トレーニングが「刺激」なら、食事は「材料」。どれだけ追い込んでも材料がなければ筋肉は合成されません。この記事で、迷わない食事設計の全体像を掴んでください。
筋肥大の食事・4つの優先順位
栄養情報は膨大ですが、効果への影響度には明確な序列があります。上位を外して下位(サプリやタイミング)に凝るのが、最もありがちな失敗です。
| 優先度 | 要素 | 影響度 |
|---|---|---|
| 1 | 総カロリー | 増える/増えないを決める |
| 2 | タンパク質量 | 筋肉の材料。合成の上限を決める |
| 3 | 脂質・炭水化物の配分 | ホルモンとパフォーマンスを支える |
| 4 | タイミング・分割・サプリ | 最後の数%を詰める(サプリ) |
①カロリー:わずかな余剰を作る
筋肉の合成にはエネルギーが要ります。維持カロリー+200〜400kcal/日の緩やかな余剰が、脂肪を最小限に抑えつつ筋肉を増やす黄金ゾーンです。

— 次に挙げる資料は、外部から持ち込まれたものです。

definition dare :: "real^'n^'n \<Rightarrow> real^'n^'n \<Rightarrow> real^'n^'n \<Rightarrow> real^'n^'n \<Rightarrow> real^'n^'n \<Rightarrow> bool" where
  "dare H C V W S \<longleftrightarrow>
     S = H ** S ** transpose H
         - H ** S ** transpose C ** matrix_inv (C ** S ** transpose C + V) ** C ** S ** transpose H
         + W"

end

theory Submission
  imports Defs
begin

text \<open>
  Writing \<open>s = \<sigma>\<^sup>2\<close>, the Riccati equation says \<open>x\<^sup>T \<Sigma> x = p(H\<^sup>T x) + x\<^sup>T W x\<close>, where
  \<open>p(y) = y\<^sup>T \<Sigma> y - y\<^sup>T \<Sigma> C\<^sup>T (C \<Sigma> C\<^sup>T + s I)\<^sup>-\<^sup>1 C \<Sigma> y\<close> is the a posteriori variance in
  direction \<open>y\<close>. Completing the square shows that \<open>p(y)\<close> is the minimum over \<open>k\<close> of
  \<open>(y - C\<^sup>T k)\<^sup>T \<Sigma> (y - C\<^sup>T k) + s |k|\<^sup>2\<close>. Choosing \<open>C\<^sup>T k = y\<close> gives
  \<open>p(y) \<le> s |y|\<^sup>2 / C\<^sub>l\<^sup>2\<close>, while \<open>\<Sigma> \<ge> \<lambda>\<^sub>n(W) I\<close> and a coordinatewise minimisation give
  \<open>p(y) \<ge> \<lambda>\<^sub>n(W) s |y|\<^sup>2 / (s + \<lambda>\<^sub>n(W) C\<^sub>u\<^sup>2)\<close>. Summing over the rows of \<open>H\<close> bounds
  \<open>tr \<Sigma> - tr W\<close> above and below by increasing functions of \<open>s\<close> times \<open>tr(H\<^sup>T H)\<close>.
  Finally \<open>1 \<le> K\<^sub>\<delta> \<le> 9/2\<close> for \<open>\<delta> \<in> [10\<^sup>-\<^sup>5, 10\<^sup>-\<^sup>1]\<close>, so the two conditions on \<open>\<epsilon>\<close>
  give \<open>\<sigma> \<le> \<Delta> \<eta>\<^sub>3\<close> and \<open>\<sigma> \<ge> \<Delta> / \<epsilon> \<ge> \<Delta> \<eta>\<^sub>1\<close>, which are exactly the noise
  levels at which these bounds reach \<open>B\<^sub>u\<close> and \<open>B\<^sub>l\<close>.
\<close>

section \<open>The Gaussian tail function\<close>

definition gauss_kernel :: "real \<Rightarrow> real" where
  "gauss_kernel z = exp (- (z\<^sup>2) / 2)"
lemma ray_parity_vertical_step:
  assumes "\<omega> \<in> Omega" "closed_finite_edges \<omega> K"
  shows "ray_parity K (i, j) \<noteq> ray_parity K (i, j + 1) \<longleftrightarrow> (\<exists>d\<in>K. crosses d {(i, j), (i, j + 1)})"
proof -
  have fin: "finite K" and "K \<subseteq> present \<omega>"
    using assms(2) unfolding closed_finite_edges_def by auto
  let ?Q = "{p. snd p = j \<and> fst p \<ge> i + 1}"
  let ?H = "{d \<in> K. d = hdual i j \<or> d = hdual (i - 1) j}"
  \<comment> \<open>Handshake on the dual vertices of row \<open>j\<close> to the right of the vertical edge.\<close>
  have "even (\<Sum>d\<in>K. card (d \<inter> ?Q))"
    using fin \<open>K \<subseteq> present \<omega>\<close> finite_present_edge closed_finite_edges_degree_even[OF assms]
    by (intro even_sum_card_Int_if_even_degrees) auto
  then have even_odd_edges: "even (card {d \<in> K. odd (card (d \<inter> ?Q))})"
    using even_sum_iff[OF fin, of "\<lambda>d. card (d \<inter> ?Q)"] by blast
  have odd_edges: "{d \<in> K. odd (card (d \<inter> ?Q))} =
      right_vduals K i (j - 1) \<union> (right_vduals K i (j + 1) \<union> ?H)"
    using odd_card_Int_right_row_iff[OF assms(2)] unfolding right_vduals_def by blast
  have card_H: "card ?H = of_bool (hdual i j \<in> K) + of_bool (hdual (i - 1) j \<in> K)"
  proof -
    have "?H = (if hdual i j \<in> K then {hdual i j} else {}) \<union>
        (if hdual (i - 1) j \<in> K then {hdual (i - 1) j} else {})"
      by auto
    then show ?thesis by simp
  qed
  have "finite (right_vduals K i b)" for b
    using fin unfolding right_vduals_def by auto
  moreover have "right_vduals K i (j - 1) \<inter> (right_vduals K i (j + 1) \<union> ?H) = {}"
    and "right_vduals K i (j + 1) \<inter> ?H = {}"
    unfolding right_vduals_def by auto
  ultimately have card_odd_edges: "card {d \<in> K. odd (card (d \<inter> ?Q))} =
      card (right_vduals K i (j - 1)) + card (right_vduals K i (j + 1)) +
      of_bool (hdual i j \<in> K) + of_bool (hdual (i - 1) j \<in> K)"
    unfolding odd_edges using fin card_H by (simp add: card_Un_disjoint)
  have crossing: "(\<exists>d\<in>K. crosses d {(i, j), (i, j + 1)}) \<longleftrightarrow>
      even (i + j) \<and> hdual i j \<in> K \<or> odd (i + j) \<and> hdual (i - 1) j \<in> K"
    unfolding crosses_vertical_edge_iff by auto
  have "hdual i j \<in> K \<Longrightarrow> even (i + j)" "hdual (i - 1) j \<in> K \<Longrightarrow> odd (i + j)"
    using closed_finite_edges_parity(1)[OF assms, of i j]
      closed_finite_edges_parity(1)[OF assms, of "i - 1" j] by auto
  then show ?thesis
    unfolding crossing ray_parity_def fst_conv snd_conv using even_odd_edges card_odd_edges by auto
qed

lemma ray_parity_change_iff:
  assumes "\<omega> \<in> Omega" "closed_finite_edges \<omega> K" "adjG u v"
  shows "ray_parity K u \<noteq> ray_parity K v \<longleftrightarrow> (\<exists>d\<in>K. crosses d {u, v})"
  using assms(3)
proof (rule adjG_cases)
  fix u v :: vtx
  assume "ray_parity K u \<noteq> ray_parity K v \<longleftrightarrow> (\<exists>d\<in>K. crosses d {u, v})"
  then show "ray_parity K v \<noteq> ray_parity K u \<longleftrightarrow> (\<exists>d\<in>K. crosses d {v, u})"
    by (auto simp: insert_commute)
qed (use ray_parity_horizontal_step[OF assms(1,2)] ray_parity_vertical_step[OF assms(1,2)] in auto)

lemma finite_vtx_set_bounded: "finite (V :: vtx set) \<Longrightarrow> \<exists>R. \<forall>p\<in>V. \<bar>fst p\<bar> \<le> R \<and> \<bar>snd p\<bar> \<le> R"
proof (induction V rule: finite_induct)
  case (insert x F)
  then obtain R where "\<forall>p\<in>F. \<bar>fst p\<bar> \<le> R \<and> \<bar>snd p\<bar> \<le> R" by blast
  then show ?case by (intro exI[of _ "max R (max \<bar>fst x\<bar> \<bar>snd x\<bar>)"]) auto
qed simp

lemma infinite_vtx_set_unbounded:
  assumes "infinite (S :: vtx set)"
  obtains z where "z \<in> S" "\<bar>fst z\<bar> > B \<or> \<bar>snd z\<bar> > B"
proof -
  have "\<not> S \<subseteq> {-B..B} \<times> {-B..B}" using assms finite_subset by blast
  then show ?thesis using that by force
qed

lemma ray_parity_right_or_above_or_below:
  assumes "\<forall>p\<in>\<Union>K. \<bar>fst p\<bar> \<le> R \<and> \<bar>snd p\<bar> \<le> R" "\<bar>snd z\<bar> > R + 2 \<or> fst z > R"
  shows "\<not> ray_parity K z"
proof -
  have "right_vduals K (fst z) b = {}" if "b = snd z \<or> b = snd z - 1" for b
  proof (rule ccontr)
    assume "right_vduals K (fst z) b \<noteq> {}"
    then obtain a where a: "vdual a b \<in> K" "a \<ge> fst z" unfolding right_vduals_def by blast
    then have "(a + 1, b - 1) \<in> \<Union>K" "(a + 1, b + 1) \<in> \<Union>K" unfolding vdual_def by auto
    then have "\<bar>a + 1\<bar> \<le> R" "\<bar>b - 1\<bar> \<le> R" "\<bar>b + 1\<bar> \<le> R" using assms(1) by fastforce+
    then show False using a(2) assms(2) that by arith
  qed
  then show ?thesis unfolding ray_parity_def by simp
qed

lemma ray_parity_far:
  assumes "\<omega> \<in> Omega" "closed_finite_edges \<omega> K"
    and "\<forall>p\<in>\<Union>K. \<bar>fst p\<bar> \<le> R \<and> \<bar>snd p\<bar> \<le> R" "\<bar>fst z\<bar> > R + 2 \<or> \<bar>snd z\<bar> > R + 2"
  shows "\<not> ray_parity K z"
proof (cases "\<bar>snd z\<bar> > R + 2 \<or> fst z > R")
  case True
  then show ?thesis using ray_parity_right_or_above_or_below[OF assms(3)] by blast
next
  case False
  obtain i j where z: "z = (i, j)" by fastforce
  with False assms(4) have left: "i < - R - 2" by auto
  \<comment> \<open>To the left of \<open>K\<close> no vertical edge of \<open>G\<close> is crossed by \<open>K\<close>, so move up until above \<open>K\<close>.\<close>
  have up: "ray_parity K (i, j') = ray_parity K (i, j' + 1)" for j'
  proof -
    have "\<not> (\<exists>d\<in>K. crosses d {(i, j'), (i, j' + 1)})"
    proof
      assume "\<exists>d\<in>K. crosses d {(i, j'), (i, j' + 1)}"
      then have "hdual i j' \<in> K \<or> hdual (i - 1) j' \<in> K"
        unfolding crosses_vertical_edge_iff by auto
      then have "(i, j') \<in> \<Union>K \<or> (i - 1, j') \<in> \<Union>K" unfolding hdual_def by auto
      then show False using assms(3) left by fastforce
    qed
    then show ?thesis using ray_parity_vertical_step[OF assms(1,2)] by blast
  qed
  have shift: "ray_parity K (i, j) = ray_parity K (i, j + int k)" for k
  proof (induction k)
    case (Suc k)
    have "j + int (Suc k) = (j + int k) + 1" by simp
    then show ?case using Suc.IH up[of "j + int k"] by (simp only:)
  qed simp
  have "\<not> ray_parity K (i, j + int (nat (\<bar>j\<bar> + \<bar>R\<bar> + 3)))"
    by (rule ray_parity_right_or_above_or_below[OF assms(3)]) auto
  then show ?thesis using z shift[of "nat (\<bar>j\<bar> + \<bar>R\<bar> + 3)"] by simp
qed

lemma ray_parity_cluster_eq:
  assumes "\<omega> \<in> Omega" "closed_finite_edges \<omega> K" "z \<in> cluster \<omega> x"
  shows "ray_parity K z = ray_parity K x"
proof -
  have KP: "K \<subseteq> present \<omega>" using assms(2) unfolding closed_finite_edges_def by auto
  from assms(3) have "(\<lambda>u v. adjG u v \<and> \<omega> u = \<omega> v)\<^sup>*\<^sup>* x z" unfolding cluster_def by simp
  then show ?thesis
  proof (induction rule: rtranclp_induct)
    case (step u v)
    then have "\<not> (\<exists>d\<in>K. crosses d {u, v})" using present_crosses_iff[OF assms(1)] KP by blast
    then show ?case using ray_parity_change_iff[OF assms(1,2)] step by blast
  qed simp
qed

lemma ray_parity_infinite_cluster:
  assumes "\<omega> \<in> Omega" "closed_finite_edges \<omega> K" "in_infinite_cluster \<omega> s x"
  shows "\<not> ray_parity K x"
proof -
  have "finite K" "K \<subseteq> present \<omega>" using assms(2) unfolding closed_finite_edges_def by auto
  then have "finite (\<Union>K)" using finite_present_edge by blast
  then obtain R where R: "\<forall>p\<in>\<Union>K. \<bar>fst p\<bar> \<le> R \<and> \<bar>snd p\<bar> \<le> R" using finite_vtx_set_bounded by blast
  from assms(3) have "infinite (cluster \<omega> x)" unfolding in_infinite_cluster_def by simp
  then obtain z where "z \<in> cluster \<omega> x" "\<bar>fst z\<bar> > R + 2 \<or> \<bar>snd z\<bar> > R + 2"
    by (rule infinite_vtx_set_unbounded)
  then show ?thesis using ray_parity_far[OF assms(1,2) R] ray_parity_cluster_eq[OF assms(1,2)] by metis
qed

lemma contour_subset_present: "d \<in> present \<omega> \<Longrightarrow> contour \<omega> d \<subseteq> present \<omega>"
proof
  fix f assume "d \<in> present \<omega>" "f \<in> contour \<omega> d"
  then have "(\<lambda>g h. g \<in> present \<omega> \<and> h \<in> present \<omega> \<and> g \<inter> h \<noteq> {})\<^sup>*\<^sup>* d f" "d \<in> present \<omega>"
    unfolding contour_def by simp_all
  then show "f \<in> present \<omega>" by (induction rule: rtranclp_induct) auto
qed

lemma contour_mono: "f \<in> contour \<omega> d \<Longrightarrow> contour \<omega> f \<subseteq> contour \<omega> d"
  unfolding contour_def by (auto intro: rtranclp_trans)

lemma closed_finite_edges_Union_contours:
  assumes "finite D" "D \<subseteq> present \<omega>" "\<And>d. d \<in> D \<Longrightarrow> finite (contour \<omega> d)"
  shows "closed_finite_edges \<omega> (\<Union>(contour \<omega> ` D))"
  unfolding closed_finite_edges_def
proof (intro conjI ballI impI)
  show "\<Union>(contour \<omega> ` D) \<subseteq> present \<omega>" using assms(2) contour_subset_present by blast
  show "finite (\<Union>(contour \<omega> ` D))" using assms(1,3) by blast
next
  fix f f' assume "f \<in> \<Union>(contour \<omega> ` D)" "f' \<in> present \<omega>" "f \<inter> f' \<noteq> {}"
  moreover from this obtain d where "d \<in> D" "f \<in> contour \<omega> d" by blast
  moreover have "f \<in> present \<omega>" using calculation assms(2) contour_subset_present by blast
  ultimately show "f' \<in> \<Union>(contour \<omega> ` D)"
    unfolding contour_def by (auto intro: rtranclp.rtrancl_into_rtrancl)
qed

維持カロリーの目安は「体重(kg)×30〜35kcal」。体重70kgなら2,100〜2,450kcalで、そこに+300して2,400〜2,750kcalが増量ターゲットです。詳しい計算と調整は増量カロリーの記事で解説しています。増やしすぎると脂肪ばかり増えるため、月に体重の0.5〜1.5%増のペースを守ってください。
②タンパク質:体重×1.6〜2.2g
筋肥大に有効なタンパク質量は、多くの研究のメタ分析で体重1kgあたり1.6g前後で効果が頭打ちになり、上限側は2.2g程度とされています。
- 体重60kg → 96〜132g/日
- 体重70kg → 112〜154g/日
- 体重80kg → 128〜176g/日
これを1回20〜40g×3〜5回に分けて摂ると、筋タンパク質合成を1日を通して高く保てます。具体的な食品と摂り方はタンパク質量の記事を参照してください。
③脂質と炭水化物の配分
タンパク質量を確保したら、残りのカロリーを脂質と炭水化物で埋めます。
- 脂質:総カロリーの20〜30%。ホルモン生成に必要なので、これ以下に削らない。良質な脂質(魚・ナッツ・オリーブオイル)を中心に
- 炭水化物:残りすべて。トレーニングの燃料であり回復の主役。増量期はここを厚くする。体重×4〜6g/日が目安
炭水化物を敵視する必要はありません。むしろ筋肥大局面では、高強度トレーニングを支え、タンパク質を筋肉合成に回すための最重要エネルギー源です。
④タイミングと分割
総量ほど重要ではありませんが、押さえると効率が上がる点です。
- 分割:タンパク質を3〜5回に分ける(1食で100g摂るより効率的)
- トレ前後:前後数時間以内にタンパク質+炭水化物を摂る。「アナボリックウィンドウ(30分以内)」は近年の研究では数時間の幅があるとされ、神経質になる必要はない
- 就寝前:消化の遅いタンパク質(カゼイン等)を摂ると睡眠中の合成を支えられる
体重70kgの1日メニュー例(約2,600kcal・P150g)
| 食事 | 内容 | 主な栄養 |
|---|---|---|
| 朝 | オートミール80g+プロテイン+バナナ | P35 F8 C75 |
| 昼 | 鶏むね200g+白米250g+味噌汁 | P48 F6 C95 |
| 間食 | ギリシャヨーグルト+ナッツ | P20 F14 C15 |
| 夜 | 鮭150g+白米250g+野菜炒め | P40 F18 C100 |
数値は目安です。合計 約タンパク質143g・脂質46g・炭水化物285g・2,600kcal前後。体重や活動量に応じて主食量で微調整します。
実践の最大の壁は「記録」
ここまで読めば設計はできます。しかし筋肥大の食事で本当に難しいのは、知識ではなく毎日の記録を続けることです。カロリーとタンパク質が目標に届いているかは、記録しなければ永遠に「たぶん足りている(実は足りない)」のままです。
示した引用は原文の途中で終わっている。